text \<open>A maximal element x of the sub-fixpoints with witness y \<ge> x is a fixpoint: otherwise
  x < y, and joining y with any value of F y in the interval shows that y is a sub-fixpoint
  above x.\<close>
lemma fixpoint_in_interval:
  fixes F :: "'a::complete_lattice \<Rightarrow> 'a set"
  assumes up: "upper_V_ascending F"
    and complete: "\<And>x. chain_subcomplete_up (F x)"
    and "l \<le> u"
    and meets: "\<And>x. x \<in> {l..u} \<Longrightarrow> F x \<inter> {l..u} \<noteq> {}"
  shows "\<exists>p \<in> {l..u}. p \<in> F p"
proof -
  have "l \<in> sub_fixpoints_in F l u"
    using meets[of l] \<open>l \<le> u\<close> by (auto simp: sub_fixpoints_in_def)
  then obtain x where x: "x \<in> sub_fixpoints_in F l u"
    and x_max: "\<forall>a \<in> sub_fixpoints_in F l u. x \<le> a \<longrightarrow> a = x"
    using chain_subcomplete_up_has_maximal[OF chain_subcomplete_up_sub_fixpoints_in[OF up complete meets]]
    by blast
  then obtain y where y: "y \<in> F x" "y \<in> {l..u}" "x \<le> y"
    by (auto simp: sub_fixpoints_in_def)
  have "y = x"
  proof (rule ccontr)
    assume "y \<noteq> x"
    with y(3) have "x < y" by simp
    obtain z where z: "z \<in> F y" "z \<in> {l..u}" using meets[OF y(2)] by blast
    have "sup y z \<in> F y" using up \<open>x < y\<close> y(1) z(1) by (auto simp: upper_V_ascending_def)
    then have "y \<in> sub_fixpoints_in F l u"
      using y(2) z(2) by (auto simp: sub_fixpoints_in_def intro!: bexI[where x = "sup y z"] le_supI1)
    then show False using x_max y(3) \<open>y \<noteq> x\<close> by blast
  qed
  then show ?thesis using y by auto
qed

lemma V_ascending_meets_interval_between_fixpoints:
  fixes F :: "'a::complete_lattice \<Rightarrow> 'a set"
  assumes "V_ascending F"
    and nonempty: "\<And>x. F x \<noteq> {}"
    and complete: "\<And>x. chain_subcomplete (F x)"
    and A: "A \<subseteq> Fix F" and B: "B \<subseteq> Fix F"
    and x: "x \<in> {Sup A..Inf B}"
  shows "F x \<inter> {Sup A..Inf B} \<noteq> {}"
proof (cases "x \<in> A \<union> B")
  case True
  then show ?thesis using A B x by (auto simp: Fix_def)
next
  case False
  have up: "upper_V_ascending F" and low: "lower_V_ascending F"
    using \<open>V_ascending F\<close> by (auto simp: V_ascending_def)
  have complete_up: "chain_subcomplete_up (F x)" and complete_down: "chain_subcomplete_down (F x)"
    using complete by (auto simp: chain_subcomplete_def)
  have below: "s < x" if "s \<in> A" for s
    using that x False Sup_upper[OF that] by (auto simp: order.strict_iff_order intro: order_trans)
  have above: "x < t" if "t \<in> B" for t
    using that x False Inf_lower[OF that] by (auto simp: order.strict_iff_order intro: order_trans)
  obtain m where m: "m \<in> F x" and m_max: "\<forall>a \<in> F x. m \<le> a \<longrightarrow> a = m"
    using chain_subcomplete_up_has_maximal[OF complete_up nonempty] by blast
  have "s \<le> m" if "s \<in> A" for s
  proof -
    have "sup s m \<in> F x"
      using up below[OF that] A that m by (auto simp: upper_V_ascending_def Fix_def)
    then have "sup s m = m" using m_max by simp
    then show ?thesis by (simp add: le_iff_sup)
  qed
  then have "Sup A \<le> m" by (rule Sup_least)
  then have "F x \<inter> {Sup A..m} \<noteq> {}" using m by auto
  then obtain n where n: "n \<in> F x \<inter> {Sup A..m}"
    and n_min: "\<forall>a \<in> F x \<inter> {Sup A..m}. a \<le> n \<longrightarrow> a = n"
    using chain_subcomplete_down_has_minimal[OF chain_subcomplete_down_Int_interval[OF complete_down]]
    by blast
  have "n \<le> t" if "t \<in> B" for t
  proof -
    have "inf n t \<in> F x"
      using low above[OF that] B that n by (auto simp: lower_V_ascending_def Fix_def)
    moreover have "Sup A \<le> t" using x Inf_lower[OF that] by (auto intro: order_trans)
    ultimately have "inf n t \<in> F x \<inter> {Sup A..m}" using n by (auto intro: le_infI1)
    then have "inf n t = n" using n_min by simp
    then show ?thesis by (simp add: le_iff_inf)
  qed
  then have "n \<le> Inf B" by (rule Inf_greatest)
  then show ?thesis using n by auto
qed

lemma fixpoint_between:
  fixes F :: "'a::complete_lattice \<Rightarrow> 'a set"
  assumes "V_ascending F"
    and "\<And>x. F x \<noteq> {}"
    and complete: "\<And>x. chain_subcomplete (F x)"
    and "A \<subseteq> Fix F" and "B \<subseteq> Fix F"
    and "\<And>s t. s \<in> A \<Longrightarrow> t \<in> B \<Longrightarrow> s \<le> t"
  shows "\<exists>p \<in> Fix F. Sup A \<le> p \<and> p \<le> Inf B"
proof -
  have "upper_V_ascending F" using \<open>V_ascending F\<close> by (simp add: V_ascending_def)
  moreover have "\<And>x. chain_subcomplete_up (F x)" using complete by (simp add: chain_subcomplete_def)
  moreover have "Sup A \<le> Inf B" using assms(6) by (meson Inf_greatest Sup_least)
  ultimately obtain p where "p \<in> {Sup A..Inf B}" "p \<in> F p"
    using fixpoint_in_interval V_ascending_meets_interval_between_fixpoints[OF assms(1-5)] by blast
  then show ?thesis by (auto simp: Fix_def)
qed

lemma complete_lattice_inI:
  fixes T :: "'a::complete_lattice set"
  assumes between: "\<And>A B. A \<subseteq> T \<Longrightarrow> B \<subseteq> T \<Longrightarrow> (\<And>s t. s \<in> A \<Longrightarrow> t \<in> B \<Longrightarrow> s \<le> t)
      \<Longrightarrow> \<exists>p \<in> T. Sup A \<le> p \<and> p \<le> Inf B"
  shows "complete_lattice_in T"
  unfolding complete_lattice_in_def
proof (intro allI impI conjI)
  fix A assume "A \<noteq> {} \<and> A \<subseteq> T"
  define U where "U = {t \<in> T. \<forall>a\<in>A. a \<le> t}"
  have "\<exists>p \<in> T. Sup A \<le> p \<and> p \<le> Inf U"
    by (rule between) (use \<open>A \<noteq> {} \<and> A \<subseteq> T\<close> in \<open>auto simp: U_def\<close>)
  then obtain p where p: "p \<in> T" "Sup A \<le> p" "p \<le> Inf U" by blast
  have "is_sup_in T A p"
    unfolding is_sup_in_def
  proof (intro conjI ballI impI)
    fix a assume "a \<in> A"
    show "a \<le> p" using Sup_upper[OF \<open>a \<in> A\<close>] p(2) by (rule order_trans)
  next
    fix t assume "t \<in> T" "\<forall>a\<in>A. a \<le> t"
    then have "t \<in> U" by (simp add: U_def)
    show "p \<le> t" using p(3) Inf_lower[OF \<open>t \<in> U\<close>] by (rule order_trans)
  qed (use p in simp)
  then show "\<exists>s. is_sup_in T A s" ..
next
  fix A assume "A \<noteq> {} \<and> A \<subseteq> T"
  define L where "L = {t \<in> T. \<forall>a\<in>A. t \<le> a}"
  have "\<exists>p \<in> T. Sup L \<le> p \<and> p \<le> Inf A"
    by (rule between) (use \<open>A \<noteq> {} \<and> A \<subseteq> T\<close> in \<open>auto simp: L_def\<close>)
  then obtain p where p: "p \<in> T" "Sup L \<le> p" "p \<le> Inf A" by blast
  have "is_inf_in T A p"
    unfolding is_inf_in_def
  proof (intro conjI ballI impI)
    fix a assume "a \<in> A"
    show "p \<le> a" using p(3) Inf_lower[OF \<open>a \<in> A\<close>] by (rule order_trans)
  next
    fix t assume "t \<in> T" "\<forall>a\<in>A. t \<le> a"
    then have "t \<in> L" by (simp add: L_def)
    show "t \<le> p" using Sup_upper[OF \<open>t \<in> L\<close>] p(2) by (rule order_trans)
  qed (use p in simp)
  then show "\<exists>i. is_inf_in T A i" ..
qed
lemma combz_add: "combz u v w + combz u' v' w' = combz (u + u') (v + v') (w + w' - v * u')"
proof -
  have "combz u v w + combz u' v' w' = zsm a u + zsm b v + (zsm c w + combz u' v' w')"
    by (simp add: combz_def add.assoc)
  also have "\<dots> = zsm a u + (zsm b v + zsm a u') + zsm b v' + zsm c (w' + w)"
    unfolding zsm_c_central[of w] by (simp add: combz_def zsm_add_c add.assoc)
  also have "\<dots> = zsm a u + zsm a u' + zsm b v + zsm b v' + (zsm c (- (u' * v)) + zsm c (w' + w))"
    unfolding zsm_b_zsm_a_commutator
    by (simp add: add.assoc zsm_c_central[of "- (u' * v)" "zsm b v'"])
  also have "\<dots> = combz (u + u') (v + v') (- (u' * v) + (w' + w))"
    by (simp only: combz_def zsm_add_a zsm_add_b zsm_add_c add.assoc)
  finally show ?thesis
    by (simp add: algebra_simps)
qed

lemma uminus_combz_add_combz: "- combz u v w + combz u v w' = combz 0 0 (w' - w)"
proof -
  have "combz u v w' = combz u v w + combz 0 0 (w' - w)"
    by (simp add: combz_add)
  then show ?thesis
    by simp
qed

lemma nsm_combz:
  "nsm (combz u v w) n = combz (int n * u) (int n * v) (int n * w - u * v * int (n choose 2))"
proof (induction n)
  case (Suc n)
  have "nsm (combz u v w) (Suc n)
      = combz u v w + combz (int n * u) (int n * v) (int n * w - u * v * int (n choose 2))"
    by (simp add: nsm_Suc Suc.IH)
  also have "\<dots> = combz (int (Suc n) * u) (int (Suc n) * v)
      (int (Suc n) * w - u * v * int (Suc n choose 2))"
    by (simp add: combz_add numeral_2_eq_2 algebra_simps)
  finally show ?case .
qed (simp add: numeral_2_eq_2)

end

locale heisenberg_nearring =
  heisenberg_mod_p a b c p for a b c :: "'r::{group_add, monoid_mult}" and p +
  assumes left_distrib: "\<And>x y z :: 'r. x * (y + z) = x * y + x * z"
    and a_one: "a = 1"
begin

abbreviation \<alpha> :: "'r \<Rightarrow> nat" where "\<alpha> \<equiv> alpha a b c p"
abbreviation \<beta> :: "'r \<Rightarrow> nat" where "\<beta> \<equiv> beta a b c p"
abbreviation \<gamma> :: "'r \<Rightarrow> nat" where "\<gamma> \<equiv> gamma a b c p"

lemma mult_zero_right: "x * 0 = (0 :: 'r)"
proof -
  have "x * 0 + x * 0 = x * 0 + 0"
    by (simp flip: left_distrib)
  then show ?thesis
    by (rule add_left_cancel[THEN iffD1])
qed

lemma mult_nsm: "x * nsm g n = nsm (x * g :: 'r) n"
  by (induction n) (simp_all add: mult_zero_right nsm_Suc left_distrib)

lemma mult_uminus: "x * (- y) = - (x * y :: 'r)"
proof -
  have "x * (- y) + x * y = 0"
    by (simp flip: left_distrib add: mult_zero_right)
  then show ?thesis
    by (simp add: eq_neg_iff_add_eq_0)
qed

lemma mult_b: "(x :: 'r) * b = comb a b c (\<alpha> x) (\<beta> x) (\<gamma> x)"
  using is_coords_coords[of "x * b"]
  by (cases "coords a b c p (x * b)") (simp add: is_coords_def alpha_def beta_def gamma_def)

lemma mult_c:
  assumes x: "x = combz X1 X2 X3" and xb: "x * b = combz A B G"
  shows "x * c = combz 0 0 (X1 * B - X2 * A)"
proof -
  have "x * c = x * (- (b + a) + (a + b))"
    by (simp only: a_b_commutator minus_add_cancel)
  also have "\<dots> = - (x * b + x) + (x + x * b)"
    by (simp only: left_distrib mult_uminus a_one mult_1_right)
  also have "x * b + x = combz (X1 + A) (X2 + B) (X3 + G - B * X1)"
    unfolding xb unfolding x combz_add by (simp add: algebra_simps)
  also have "x + x * b = combz (X1 + A) (X2 + B) (X3 + G - X2 * A)"
    unfolding xb unfolding x combz_add ..
  finally show ?thesis
    by (simp add: uminus_combz_add_combz algebra_simps)
qed

lemma mult_comb:
  assumes x: "x = combz X1 X2 X3"
  shows "x * comb a b c y1 y2 y3 =
    combz (X1 * int y1 + int (\<alpha> x) * int y2) (X2 * int y1 + int (\<beta> x) * int y2)
      (- X1 * X2 * int (y1 choose 2) - int (\<alpha> x) * int (\<beta> x) * int (y2 choose 2)
       - X2 * int (\<alpha> x) * int y1 * int y2 + X3 * int y1 + int (\<gamma> x) * int y2
       + X1 * int (\<beta> x) * int y3 - X2 * int (\<alpha> x) * int y3)"
proof -
  define A B G where "A = int (\<alpha> x)" and "B = int (\<beta> x)" and "G = int (\<gamma> x)"
  have xb: "x * b = combz A B G"
    unfolding A_def B_def G_def mult_b comb_eq_combz ..
  have "x * comb a b c y1 y2 y3 = nsm x y1 + nsm (x * b) y2 + nsm (x * c) y3"
    by (simp only: comb_def left_distrib mult_nsm a_one mult_1_right)
  also have "\<dots> = combz (int y1 * X1) (int y1 * X2) (int y1 * X3 - X1 * X2 * int (y1 choose 2))
     + combz (int y2 * A) (int y2 * B) (int y2 * G - A * B * int (y2 choose 2))
     + combz 0 0 (int y3 * (X1 * B - X2 * A))"
    unfolding mult_c[OF x xb] xb unfolding x nsm_combz by simp
  finally show ?thesis
    unfolding combz_add A_def B_def G_def by (simp add: algebra_simps)
qed

lemma mult_mult_b:
  assumes x: "x = combz X1 X2 X3"
  shows "x * y * b =
    combz (X1 * int (\<alpha> y) + int (\<alpha> x) * int (\<beta> y)) (X2 * int (\<alpha> y) + int (\<beta> x) * int (\<beta> y))
      (- X1 * X2 * int (\<alpha> y choose 2) - int (\<alpha> x) * int (\<beta> x) * int (\<beta> y choose 2)
       - X2 * int (\<alpha> x) * int (\<alpha> y) * int (\<beta> y) + X3 * int (\<alpha> y) + int (\<gamma> x) * int (\<beta> y)
       + X1 * int (\<beta> x) * int (\<gamma> y) - X2 * int (\<alpha> x) * int (\<gamma> y))"
  unfolding mult.assoc mult_b[of y] mult_comb[OF x] ..

lemma alpha_mult:
  assumes "x = combz X1 X2 X3"
  shows "int (\<alpha> (x * y)) = (X1 * int (\<alpha> y) + int (\<alpha> x) * int (\<beta> y)) mod int p"
  using p_pos by (simp add: alpha_def mult_mult_b[OF assms] coords_combz)

lemma beta_mult:
  assumes "x = combz X1 X2 X3"
  shows "int (\<beta> (x * y)) = (X2 * int (\<alpha> y) + int (\<beta> x) * int (\<beta> y)) mod int p"
  using p_pos by (simp add: beta_def mult_mult_b[OF assms] coords_combz)

lemma gamma_mult:
  assumes "x = combz X1 X2 X3"
  shows "int (\<gamma> (x * y)) =
    (- X1 * X2 * int (\<alpha> y choose 2) - int (\<alpha> x) * int (\<beta> x) * int (\<beta> y choose 2)
     - X2 * int (\<alpha> x) * int (\<alpha> y) * int (\<beta> y) + X3 * int (\<alpha> y) + int (\<gamma> x) * int (\<beta> y)
     + X1 * int (\<beta> x) * int (\<gamma> y) - X2 * int (\<alpha> x) * int (\<gamma> y)) mod int p"
  using p_pos by (simp add: gamma_def mult_mult_b[OF assms] coords_combz)

lemma mult_b_eq_0_iff: "(x :: 'r) * b = 0 \<longleftrightarrow> \<alpha> x = 0 \<and> \<beta> x = 0 \<and> \<gamma> x = 0"
proof
  assume "x * b = 0"
  then have "coords a b c p (x * b) = (0, 0, 0)"
    using coords_combz[of 0 0 0] by simp
  then show "\<alpha> x = 0 \<and> \<beta> x = 0 \<and> \<gamma> x = 0"
    by (simp add: alpha_def beta_def gamma_def)
qed (simp add: mult_b comb_def)

lemma zero_mult_b_eq_0_iff:
  "0 * b = (0 :: 'r) \<longleftrightarrow>
    int (\<alpha> 0) mod int p = 0 \<and> int (\<beta> 0) mod int p = 0 \<and> int (\<gamma> 0) mod int p = 0"
proof
  assume "int (\<alpha> 0) mod int p = 0 \<and> int (\<beta> 0) mod int p = 0 \<and> int (\<gamma> 0) mod int p = 0"
  then have "combz (int (\<alpha> 0)) (int (\<beta> 0)) (int (\<gamma> 0)) = combz 0 0 0"
    by (intro combz_cong) simp_all
  then show "0 * b = (0 :: 'r)"
    by (simp add: mult_b comb_eq_combz)
qed (simp add: mult_b_eq_0_iff)

lemma zero_symmetric_iff: "(\<forall>x :: 'r. 0 * x = 0) \<longleftrightarrow> 0 * b = (0 :: 'r)"
proof
  assume "0 * b = (0 :: 'r)"
  then have zero: "\<alpha> 0 = 0" "\<beta> 0 = 0" "\<gamma> 0 = 0"
    by (simp_all add: mult_b_eq_0_iff)
  show "\<forall>x :: 'r. 0 * x = 0"
  proof
    fix y :: 'r
    obtain y1 y2 y3 where "y = comb a b c y1 y2 y3"
      using obtain_comb .
    then show "0 * y = 0"
      using mult_comb[OF combz_0[symmetric], of y1 y2 y3] by (simp add: zero)
  qed
qed simp

end
lemma vpoly_odd_expansion_pos:
  fixes x s :: "'a::field_char_0"
  assumes "1 \<le> m"
  shows "vpoly (2*n+1) x m s =
    (\<Sum>k=0..n. (-1)^k * of_nat ((2*n+1) choose (2*k+1))
       * (fact (m+2*n-2*k-1) * fact (2*m+2*n) / (fact (m+2*n) * fact (2*m+2*n-2*k-1)))
       * (tangent_number (2*k+1) / 2^(2*k+1)) * x^(2*k+1) * vpoly (2*n-2*k) x m s)"
proof -
  have "vpoly (2*n+1) x m s = (vpoly (2*n+1) x m s * vpoly_scale m (2*n+1)) / vpoly_scale m (2*n+1)"
    by (simp add: vpoly_scale_nonzero)
  also have "\<dots> = (\<Sum>k=0..n. (-1)^k * of_nat ((2*n+1) choose (2*k+1)) * (tangent_number (2*k+1) / 2^(2*k+1))
      * x^(2*k+1) * (vpoly (2*n-2*k) x m s * vpoly_scale m (2*n-2*k)) / vpoly_scale m (2*n+1))"
    unfolding scaled_vpoly_odd_expansion sum_divide_distrib ..
  also have "\<dots> = (\<Sum>k=0..n. (-1)^k * of_nat ((2*n+1) choose (2*k+1))
       * (fact (m+2*n-2*k-1) * fact (2*m+2*n) / (fact (m+2*n) * fact (2*m+2*n-2*k-1)))
       * (tangent_number (2*k+1) / 2^(2*k+1)) * x^(2*k+1) * vpoly (2*n-2*k) x m s)"
  proof (intro sum.cong refl)
    fix k assume "k \<in> {0..n}"
    then have "m + (2*n-2*k) - 1 = m+2*n-2*k-1" "2*m + (2*n-2*k) - 1 = 2*m+2*n-2*k-1" by auto
    then show "(-1)^k * of_nat ((2*n+1) choose (2*k+1)) * (tangent_number (2*k+1) / 2^(2*k+1))
      * x^(2*k+1) * (vpoly (2*n-2*k) x m s * vpoly_scale m (2*n-2*k)) / vpoly_scale m (2*n+1)
      = (-1)^k * of_nat ((2*n+1) choose (2*k+1))
       * (fact (m+2*n-2*k-1) * fact (2*m+2*n) / (fact (m+2*n) * fact (2*m+2*n-2*k-1)))
       * (tangent_number (2*k+1) / 2^(2*k+1)) * x^(2*k+1) * vpoly (2*n-2*k) x m s"
      using assms by (simp add: vpoly_scale_pos field_simps del: fact_Suc)
  qed
  finally show ?thesis .
qed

┄┄┄┄┄┄┄┄┄┄┄┄┄┄┄┄┄┄┄┄

■ **EXERCISE**: Look through the data above for the word "longleftrightarrow". Report each line where it occurs.

■ **SOLUTION FOR THIS PROBLEM**:
lemma mult_b_eq_0_iff: "(x :: 'r) * b = 0 \<longleftrightarrow> \<alpha> x = 0 \<and> \<beta> x = 0 \<and> \<gamma> x = 0"
  "0 * b = (0 :: 'r) \<longleftrightarrow>
lemma zero_symmetric_iff: "(\<forall>x :: 'r. 0 * x = 0) \<longleftrightarrow> 0 * b = (0 :: 'r)"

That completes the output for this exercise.